Человек, не удивившись и опять же не убавив звука, кивнул и показал рукой на единственный в доме табурет. Стало понятно: он развлекался и это развлечение никак не хотел прекращать из-за незваного гостя. Пришел — так сиди и слушай. Потом будем говорить. Но Шохов еще и так понял хозяина: если пришел, значит, я тебе нужен, а раз нужен, можешь подождать. И вот что странно: все что угодно мог предполагать Шохов, входя в этот дом,— мы теперь понимаем, что Шохов как бы интуитивно искал его, зная от миленькой секретарши, что дом где-то в предместье города, а увидя огонь, сразу понял его источник,— но вот что было неожиданностью тут, в одиноком и как бы забытом месте,— ему не обрадовались, так же, как и не испугались. Здесь жили сами по себе, а он со своим визитом не воспринимался никак.
А как тятька драться стал, замахнулся скалкою,
А потом не помню кто — мне заехал палкою,
Тут все закружилося, тут все завертелося,
А потом не помню я, что со мной случилося...
Улица, улица, улица широкая,
До чего ты, улица, стала кривобо-ка-я!
Шохов со своего места, от печки, осмотрел небогатое жилище: изба была старая, видно купленная на вывоз. Бревна были плохо ошкурены и почернели от времени. Вместо пакли в стене торчал мох. Кровать была железная, общежитейская, под койкой чемодан. На окошках красные ситцевые занавески на капроновом шнуре. Вдоль стены лавка, тоже, видать, старая, широкая и удобная, с брошенным на нее овчинным полушубком. На полу, там и сям, какие-то детали, коробки, инструменты в виде плоскогубцев и массы отверток. То же и на столе. По правую руку от хозяина лежал паяльник, еще не остывший, от него тянулся к потолку синий завиток дыма.
В красному углу, там, где вешалась прежде икона (от нее еще осталась полочка), была приколота картинка с двумя пестрыми клоунами.
Магнитофон продолжал играть, а песне, какой-то шальной и широкой, но в чем-то уже и приятной, особенно в своем припеве про улицу, казалось, не будет конца.

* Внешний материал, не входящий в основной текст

definition eval4 :: "(rat \<Rightarrow> 'b::comm_ring_1) \<Rightarrow> 'b \<Rightarrow> 'b \<Rightarrow> 'b \<Rightarrow> 'b \<Rightarrow> mpoly4 \<Rightarrow> 'b" where
  "eval4 f X Q B A = eval_poly_hom (eval_poly_hom (eval_poly_hom (eval_poly_hom f A) B) Q) X"

lemma is_ring_hom_eval4: "is_ring_hom f \<Longrightarrow> is_ring_hom (eval4 f X Q B A)"
  unfolding eval4_def by (intro is_ring_hom_eval_poly_hom)

lemma eval4_vars:
  assumes "is_ring_hom f"
  shows "eval4 f X Q B A varX = X" "eval4 f X Q B A varQ = Q"
    "eval4 f X Q B A varB = B" "eval4 f X Q B A varA = A"
  using assms by (simp_all add: eval4_def varX_def varQ_def varB_def varA_def
      eval_poly_hom_pCons is_ring_hom_eval_poly_hom is_ring_homD)

lemma eval4_comp:
  assumes f: "is_ring_hom f" and g: "is_ring_hom g"
  shows "g (eval4 f X Q B A p) = eval4 (\<lambda>x. g (f x)) (g X) (g Q) (g B) (g A) p"
proof -
  have r1: "is_ring_hom (eval_poly_hom f A)"
    using f by (rule is_ring_hom_eval_poly_hom)
  then have r2: "is_ring_hom (eval_poly_hom (eval_poly_hom f A) B)"
    by (rule is_ring_hom_eval_poly_hom)
  then have r3: "is_ring_hom (eval_poly_hom (eval_poly_hom (eval_poly_hom f A) B) Q)"
    by (rule is_ring_hom_eval_poly_hom)
  show ?thesis
    unfolding eval4_def eval_poly_hom_comp[OF r3 g]
    by (simp add: eval_poly_hom_comp[OF r2 g] eval_poly_hom_comp[OF r1 g]
        eval_poly_hom_comp[OF f g] comp_def)
qed

lemma eval4_at_vars: "eval4 (\<lambda>c. [:[:[:[:c:]:]:]:]) varX varQ varB varA p = p"
proof -
  have g1: "is_ring_hom (\<lambda>r::rat poly. [:[:[:r:]:]:])"
    and g2: "is_ring_hom (\<lambda>r::rat poly poly. [:[:r:]:])"
    and g3: "is_ring_hom (\<lambda>r::rat poly poly poly. [:r:])"
    by (simp_all add: is_ring_hom_def pCons_one)
  have "eval_poly_hom (\<lambda>c. [:[:[:[:c:]:]:]:]) varA = (\<lambda>r. [:[:[:r:]:]:])"
    using eval_poly_hom_embedding[OF g1] by (simp add: varA_def fun_eq_iff)
  moreover have "eval_poly_hom (\<lambda>r. [:[:[:r:]:]:]) varB = (\<lambda>s. [:[:s:]:])"
    using eval_poly_hom_embedding[OF g2] by (simp add: varB_def fun_eq_iff)
  moreover have "eval_poly_hom (\<lambda>s. [:[:s:]:]) varQ = (\<lambda>t. [:t:])"
    using eval_poly_hom_embedding[OF g3] by (simp add: varQ_def fun_eq_iff)
  moreover have "eval_poly_hom (\<lambda>t. [:t:]) varX p = p"
    using eval_poly_hom_embedding[OF is_ring_hom_id] by (simp add: varX_def)
  ultimately show ?thesis by (simp add: eval4_def)
qed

Утром встал я раньше всех, морда вся помятая,
Фонари под глазьями, рыло стало страшное,
Весь пиджак изорватый, на нем жир от курицы,
Один сапог на столе, а другой на у-у-лице!
Хозяин хихикнул над заключительным куплетом и щелкнул переключателем. Прокрутил кассету в ту и другую сторону, внимательно следя за ней, ткнул отверткой, снова прокрутил и теперь повернулся к Шохову, поразив его сразу огромными серыми глазищами с таким детским незащищенным выражением, что стало понятно: он и песню слушал по-детски и не мог потому ее и прервать, что был увлечен.
— Зашел посмотреть,— сказал Шохов, теряясь под этим взглядом и не зная уже, как объяснить свой вечерний визит сюда, в избушку.
— Чего смотреть-то? — спросил хозяин неожиданно низким голосом, и Шохов сообразил теперь, что и голос на магнитофоне был его собственный, значит, он и развлекался тем, что записывал себя, а потом слушал. Занятно!
— Как живете? — спросил Шохов.— Как устроились и... вообще.
— Вы что, из жэка, что ли? — с любопытством, но вовсе без какого-либо заискивания произнес хозяин.
— Нет, нет! Я сам по себе, вчера прибыл.
— Откуда?
— Отовсюду. Надо тормознуться, то есть, говоря флотским языком, закинуть якоря до пенсии. Хочу свои двести получать. А когда ездишь, все теряешь.